* **Information given**:
text \<open>If \<open>F + G\<close> is nondecreasing, \<open>G\<close> can only decrease where \<open>F\<close> grows; so if \<open>G\<close> drops
  below \<open>0\<close> it does so at the last time \<open>u\<close> it was nonnegative, or just after it, and
  flatness of \<open>F\<close> forbids both unless \<open>G < 0\<close> somewhere outside \<open>Q\<close>.\<close>

lemma flat_on_negative_point:
  assumes flat: "flat_on Q F" and mono_F: "mono F" and mono_FG: "mono (\<lambda>s. F s + G s)"
    and "x0 \<le> t" "0 \<le> G x0" "G t < 0"
  shows "\<exists>s\<in>{x0..t}. G s < 0 \<and> s \<notin> Q"
proof (rule ccontr)
  assume no_point: "\<not> ?thesis"
  have decr: "G x - G y \<le> F y - F x" if "x \<le> y" for x y
    using monoD[OF mono_FG that] by simp
  define S where "S = {s. x0 \<le> s \<and> s \<le> t \<and> 0 \<le> G s}"
  define u where "u = Sup S"
  have "x0 \<in> S" "bdd_above S"
    using assms(4,5) by (auto simp: S_def intro: bdd_aboveI[of _ t])
  then have u: "x0 \<le> u" "u \<le> t"
    unfolding u_def using \<open>x0 \<le> t\<close> by (auto intro: cSup_upper cSup_least simp: S_def)
  have G_neg: "G s < 0" if "u < s" "s \<le> t" for s
    using that u cSup_upper[OF _ \<open>bdd_above S\<close>, of s] by (force simp: S_def u_def)
  have in_Q: "{u<..t} \<subseteq> Q"
    using no_point G_neg u by fastforce
  show False
  proof (cases "0 \<le> G u")
    case True
    have "F t \<le> F u" using flat in_Q u unfolding flat_on_def by blast
    then show False using decr[OF u(2)] True \<open>G t < 0\<close> by linarith
  next
    case False
    then have "u \<in> Q" using no_point u by auto
    with in_Q have "{u..t} \<subseteq> Q" by (auto simp: le_less)
    then obtain z where z: "z < u" "F t - F z < - G t"
      using flat u \<open>G t < 0\<close> unfolding flat_on_def by (meson neg_0_less_iff_less)
    then obtain s where s: "s \<in> S" "z < s"
      using less_cSup_iff[of S z] \<open>x0 \<in> S\<close> \<open>bdd_above S\<close> unfolding u_def by blast
    then have "s \<le> t" "0 \<le> G s" "F z \<le> F s"
      using mono_F by (auto simp: S_def mono_def)
    then show False using decr[OF \<open>s \<le> t\<close>] z by linarith
  qed
qed

corollary flat_on_zero_ext_negative_point:
  assumes "flat_on Q F" "mono F" "mono (\<lambda>s. F s + zero_ext g s)" "0 \<le> t" "g t < 0"
  shows "\<exists>s\<in>{0..t}. g s < 0 \<and> s \<notin> Q"
proof -
  obtain s where s: "s \<in> {-1..t}" "zero_ext g s < 0" "s \<notin> Q"
    using flat_on_negative_point[OF assms(1-3), of "-1" t] assms(4,5) by auto
  then have "0 \<le> s" by (cases "s < 0") auto
  with s show ?thesis by auto
qed

lemma INT_greaterThanAtMost_shrink: "(\<Inter>n. {x - 1 / Suc n<..y}) = {x..y :: real}"
proof (intro equalityI subsetI)
  fix s assume "s \<in> (\<Inter>n. {x - 1 / Suc n<..y})"
  then have s: "\<And>n. x - 1 / Suc n < s" "s \<le> y" by auto
  have "x \<le> s"
  proof (rule ccontr)
    assume "\<not> x \<le> s"
    then obtain n where "1 / Suc n < x - s" by (metis diff_gt_0_iff_gt not_le nat_approx_posE)
    with s(1)[of n] show False by linarith
  qed
  with s show "s \<in> {x..y}" by simp
qed (auto intro: order.strict_trans2[of _ x])

lemma interval_measure_Icc_less_imp_increment_less:
  assumes mono_F: "mono F" and cont_F: "\<And>a. continuous (at_right a) F"
    and "x \<le> y" and small: "emeasure (interval_measure F) {x..y} < ennreal e"
  shows "\<exists>z<x. F y - F z < e"
proof -
  let ?M = "interval_measure F"
  define A where "A n = {x - 1 / Suc n<..y}" for n :: nat
  have A_eq: "emeasure ?M (A n) = F y - F (x - 1 / Suc n)" for n
    unfolding A_def using \<open>x \<le> y\<close> mono_F cont_F
    by (intro emeasure_interval_measure_Ioc) (auto simp: mono_def intro: order_trans[of _ x])
  have "decseq A"
  proof (rule decseq_SucI)
    fix n
    have "1 / real (Suc (Suc n)) \<le> 1 / real (Suc n)" by (intro divide_left_mono) auto
    then show "A (Suc n) \<subseteq> A n" unfolding A_def by auto
  qed
  have "(\<Inter>n. A n) = {x..y}"
    unfolding A_def by (rule INT_greaterThanAtMost_shrink)
  moreover have "(INF n. emeasure ?M (A n)) = emeasure ?M (\<Inter>n. A n)"
    using \<open>decseq A\<close> by (intro INF_emeasure_decseq) (auto simp: A_eq, simp add: A_def)
  ultimately have "(INF n. emeasure ?M (A n)) < ennreal e"
    using small by simp
  then obtain n where "ennreal (F y - F (x - 1 / Suc n)) < ennreal e"
    by (auto simp: INF_less_iff A_eq)
  moreover have "F (x - 1 / Suc n) \<le> F y"
    using \<open>x \<le> y\<close> by (intro monoD[OF mono_F]) (simp add: order_trans[of _ x])
  ultimately have "F y - F (x - 1 / Suc n) < e"
    by (simp add: ennreal_less_iff)
  then show ?thesis by (intro exI[of _ "x - 1 / Suc n"]) auto
qed

lemma interval_measure_null_imp_flat_on:
  assumes mono_F: "mono F" and cont_F: "\<And>a. continuous (at_right a) F"
    and null: "(\<integral>\<^sup>+ s. indicator Q s \<partial>interval_measure F) = 0"
  shows "flat_on Q F"
proof -
  let ?M = "interval_measure F"
  have null_subset: "emeasure ?M A = 0" if "A \<in> sets ?M" "A \<subseteq> Q" for A
  proof -
    have "emeasure ?M A = (\<integral>\<^sup>+ s. indicator A s \<partial>?M)" using that by simp
    also have "\<dots> \<le> (\<integral>\<^sup>+ s. indicator Q s \<partial>?M)"
      using that by (intro nn_integral_mono) (auto split: split_indicator)
    finally show ?thesis using null by simp
  qed
  show ?thesis unfolding flat_on_def
  proof (intro conjI allI impI)
    fix x y assume "x \<le> y" "{x<..y} \<subseteq> Q"
    then have "ennreal (F y - F x) = 0"
      using null_subset[of "{x<..y}"] emeasure_interval_measure_Ioc[OF \<open>x \<le> y\<close>] mono_F cont_F
      by (simp add: mono_def)
    then show "F y \<le> F x" by (simp add: ennreal_eq_0_iff)
  next
    fix x y e :: real assume "x \<le> y" "{x..y} \<subseteq> Q" "0 < e"
    then show "\<exists>z<x. F y - F z < e"
      using null_subset[of "{x..y}"]
      by (intro interval_measure_Icc_less_imp_increment_less[OF mono_F cont_F]) auto
  qed
qed

lemma SP_sol_barriers_cong:
  assumes "\<forall>t\<ge>0. l' t = l t" "\<forall>t\<ge>0. r' t = r t"
  shows "SP_sol l' r' \<psi> \<phi> \<eta> \<eta>l \<eta>r \<longleftrightarrow> SP_sol l r \<psi> \<phi> \<eta> \<eta>l \<eta>r"
proof -
  have "{s. 0 \<le> s \<and> l' s < ereal (\<phi> s)} = {s. 0 \<le> s \<and> l s < ereal (\<phi> s)}"
    "{s. 0 \<le> s \<and> ereal (\<phi> s) < r' s} = {s. 0 \<le> s \<and> ereal (\<phi> s) < r s}"
    "(\<forall>t\<ge>0. \<phi> t = \<psi> t + \<eta> t \<and> l' t \<le> ereal (\<phi> t) \<and> ereal (\<phi> t) \<le> r' t) \<longleftrightarrow>
     (\<forall>t\<ge>0. \<phi> t = \<psi> t + \<eta> t \<and> l t \<le> ereal (\<phi> t) \<and> ereal (\<phi> t) \<le> r t)"
    using assms by auto
  then show ?thesis unfolding SP_sol_def by presburger
qed

lemma SP_sol_path:
  assumes "SP_sol l r \<psi> \<phi> \<eta> \<eta>l \<eta>r" "0 \<le> t"
  shows "\<phi> t = \<psi> t + \<eta>l t - \<eta>r t" and "l t \<le> ereal (\<phi> t)" "ereal (\<phi> t) \<le> r t"
  using assms unfolding SP_sol_def by auto

lemma SP_sol_continuous_at_right:
  assumes "SP_sol l r \<psi> \<phi> \<eta> \<eta>l \<eta>r" "0 \<le> t"
  shows "continuous (at_right t) \<phi>"
proof -
  have "D \<phi>" using assms(1) unfolding SP_sol_def by blast
  with assms(2) show ?thesis unfolding D_def cadlag_in_def by blast
qed

lemma SP_sol_constraining_processes:
  assumes "SP_sol l r \<psi> \<phi> \<eta> \<eta>l \<eta>r"
  shows "mono (zero_ext \<eta>l)" "flat_on {s. 0 \<le> s \<and> l s < ereal (\<phi> s)} (zero_ext \<eta>l)"
    and "mono (zero_ext \<eta>r)" "flat_on {s. 0 \<le> s \<and> ereal (\<phi> s) < r s} (zero_ext \<eta>r)"
proof -
  have "D \<eta>l" "mono_on {0..} \<eta>l" "0 \<le> \<eta>l 0"
    "(\<integral>\<^sup>+ s. indicator {s. 0 \<le> s \<and> l s < ereal (\<phi> s)} s \<partial>LS_measure \<eta>l) = 0"
    and "D \<eta>r" "mono_on {0..} \<eta>r" "0 \<le> \<eta>r 0"
    "(\<integral>\<^sup>+ s. indicator {s. 0 \<le> s \<and> ereal (\<phi> s) < r s} s \<partial>LS_measure \<eta>r) = 0"
    using assms unfolding SP_sol_def by blast+
  moreover have "continuous (at_right a) (zero_ext f)" if "D f" for f a
    using that unfolding D_def cadlag_in_def by (intro continuous_at_right_zero_ext) blast
  ultimately show "mono (zero_ext \<eta>l)" "flat_on {s. 0 \<le> s \<and> l s < ereal (\<phi> s)} (zero_ext \<eta>l)"
    and "mono (zero_ext \<eta>r)" "flat_on {s. 0 \<le> s \<and> ereal (\<phi> s) < r s} (zero_ext \<eta>r)"
    by (auto intro!: mono_zero_ext interval_measure_null_imp_flat_on
        simp: LS_measure_eq_interval_measure simp del: nn_integral_indicator)
qed

lemma SP_sol_mono_barriers:
  assumes "\<forall>t\<ge>0. l t \<le> lt t" "\<forall>t\<ge>0. r t \<le> rt t"
    and sol: "SP_sol l r \<psi> \<phi> \<eta> \<eta>l \<eta>r" and solt: "SP_sol lt rt \<psi> \<phi>t \<eta>t \<eta>lt \<eta>rt"
    and "0 \<le> t"
  shows "\<phi> t \<le> \<phi>t t"
proof (rule ccontr)
  assume "\<not> \<phi> t \<le> \<phi>t t"
  define Q where "Q = {s. 0 \<le> s \<and> ereal (\<phi>t s) < rt s} \<inter> {s. 0 \<le> s \<and> l s < ereal (\<phi> s)}"
  define F where "F s = zero_ext \<eta>rt s + zero_ext \<eta>l s" for s
  define g where "g s = \<eta>lt s - \<eta>rt s - \<eta>l s + \<eta>r s" for s
  have path: "\<phi>t s - \<phi> s = g s" if "0 \<le> s" for s
    using SP_sol_path(1)[OF sol that] SP_sol_path(1)[OF solt that] by (simp add: g_def)
  note procs = SP_sol_constraining_processes[OF sol] SP_sol_constraining_processes[OF solt]
  have "mono F" unfolding F_def using procs by (intro mono_add_fun)
  moreover have "flat_on Q F" unfolding Q_def F_def using procs by (intro flat_on_Int_add)
  moreover have "(\<lambda>s. F s + zero_ext g s) = (\<lambda>s. zero_ext \<eta>lt s + zero_ext \<eta>r s)"
    by (simp add: fun_eq_iff F_def g_def zero_ext_def)
  then have "mono (\<lambda>s. F s + zero_ext g s)" using procs by (simp add: mono_add_fun)
  ultimately obtain s where s: "0 \<le> s" "g s < 0" "s \<notin> Q"
    using flat_on_zero_ext_negative_point[of Q F g t] path[OF \<open>0 \<le> t\<close>] \<open>0 \<le> t\<close>
      \<open>\<not> \<phi> t \<le> \<phi>t t\<close> by auto
  then have lt: "ereal (\<phi>t s) < ereal (\<phi> s)" using path[of s] by simp
  have "ereal (\<phi> s) \<le> r s" "r s \<le> rt s" "l s \<le> lt s" "lt s \<le> ereal (\<phi>t s)"
    using SP_sol_path(2,3)[OF sol \<open>0 \<le> s\<close>] SP_sol_path(2,3)[OF solt \<open>0 \<le> s\<close>]
      assms(1,2) \<open>0 \<le> s\<close> by auto
  with lt have "ereal (\<phi>t s) < rt s" "l s < ereal (\<phi> s)"
    by (metis less_le_trans order_trans, metis le_less_trans order_trans)
  with \<open>0 \<le> s\<close> have "s \<in> Q" unfolding Q_def by simp
  with s show False by simp
qed

lemma SP_sol_lower_constraint_exceeds_at_barrier:
  assumes sol: "SP_sol l r \<psi> \<phi> \<eta> \<eta>l \<eta>r" and "mono (zero_ext f)" "0 \<le> t" "f t < \<eta>l t"
  shows "\<exists>s\<in>{0..t}. f s < \<eta>l s \<and> ereal (\<phi> s) \<le> l s"
proof -
  have "zero_ext \<eta>l s + zero_ext (\<lambda>s. f s - \<eta>l s) s = zero_ext f s" for s
    by (cases "s < 0") simp_all
  with assms have "\<exists>s\<in>{0..t}. f s - \<eta>l s < 0 \<and> s \<notin> {s. 0 \<le> s \<and> l s < ereal (\<phi> s)}"
    by (intro flat_on_zero_ext_negative_point[where F="zero_ext \<eta>l"]
        SP_sol_constraining_processes[OF sol]) simp_all
  then show ?thesis by auto
qed

lemma SP_sol_upper_constraint_exceeds_at_barrier:
  assumes sol: "SP_sol l r \<psi> \<phi> \<eta> \<eta>l \<eta>r" and "mono (zero_ext f)" "0 \<le> t" "f t < \<eta>r t"
  shows "\<exists>s\<in>{0..t}. f s < \<eta>r s \<and> r s \<le> ereal (\<phi> s)"
proof -
  have "zero_ext \<eta>r s + zero_ext (\<lambda>s. f s - \<eta>r s) s = zero_ext f s" for s
    by (cases "s < 0") simp_all
  with assms have "\<exists>s\<in>{0..t}. f s - \<eta>r s < 0 \<and> s \<notin> {s. 0 \<le> s \<and> ereal (\<phi> s) < r s}"
    by (intro flat_on_zero_ext_negative_point[where F="zero_ext \<eta>r"]
        SP_sol_constraining_processes[OF sol]) simp_all
  then show ?thesis by auto
qed

lemma SP_sol_lower_contact_imp_upper_contact:
  assumes r_rt: "\<forall>t\<ge>0. r t \<le> rt t"
    and sol: "SP_sol l r \<psi> \<phi> \<eta> \<eta>l \<eta>r" and solt: "SP_sol l rt \<psi> \<phi>t \<eta>t \<eta>lt \<eta>rt"
    and "0 \<le> q" "\<eta>l q < \<eta>lt q" "ereal (\<phi>t q) \<le> l q"
  shows "\<exists>p\<in>{0..q}. \<eta>l p < \<eta>lt p \<and> rt p \<le> ereal (\<phi>t p)"
proof -
  have le_phit: "\<phi> s \<le> \<phi>t s" if "0 \<le> s" for s
    using SP_sol_mono_barriers[OF _ r_rt sol solt that] by simp
  have "\<phi>t q \<le> \<phi> q"
    using \<open>ereal (\<phi>t q) \<le> l q\<close> SP_sol_path(2)[OF sol \<open>0 \<le> q\<close>] by (meson ereal_less_eq(3) order_trans)
  then have "\<eta>r q < \<eta>rt q"
    using \<open>\<eta>l q < \<eta>lt q\<close> SP_sol_path(1)[OF sol \<open>0 \<le> q\<close>] SP_sol_path(1)[OF solt \<open>0 \<le> q\<close>]
    by linarith
  then obtain p where p: "p \<in> {0..q}" "\<eta>r p < \<eta>rt p" "rt p \<le> ereal (\<phi>t p)"
    using SP_sol_upper_constraint_exceeds_at_barrier[OF solt SP_sol_constraining_processes(3)[OF sol]]
      \<open>0 \<le> q\<close> by blast
  have "0 \<le> p" using p(1) by simp
  with p(2) have "\<eta>l p < \<eta>lt p"
    using le_phit SP_sol_path(1)[OF sol] SP_sol_path(1)[OF solt] by (smt (verit))
  with p show ?thesis by blast
qed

* **Work instructions**: Word for word, restate the lines of the data above that fall between the line holding "unfolding A_def by (rule" and the line holding "using \<open>decseq A\<close>", inclusive, and no other lines.

* **Answer area**:
    unfolding A_def by (rule INT_greaterThanAtMost_shrink)
  moreover have "(INF n. emeasure ?M (A n)) = emeasure ?M (\<Inter>n. A n)"
    using \<open>decseq A\<close> by (intro INF_emeasure_decseq) (auto simp: A_eq, simp add: A_def)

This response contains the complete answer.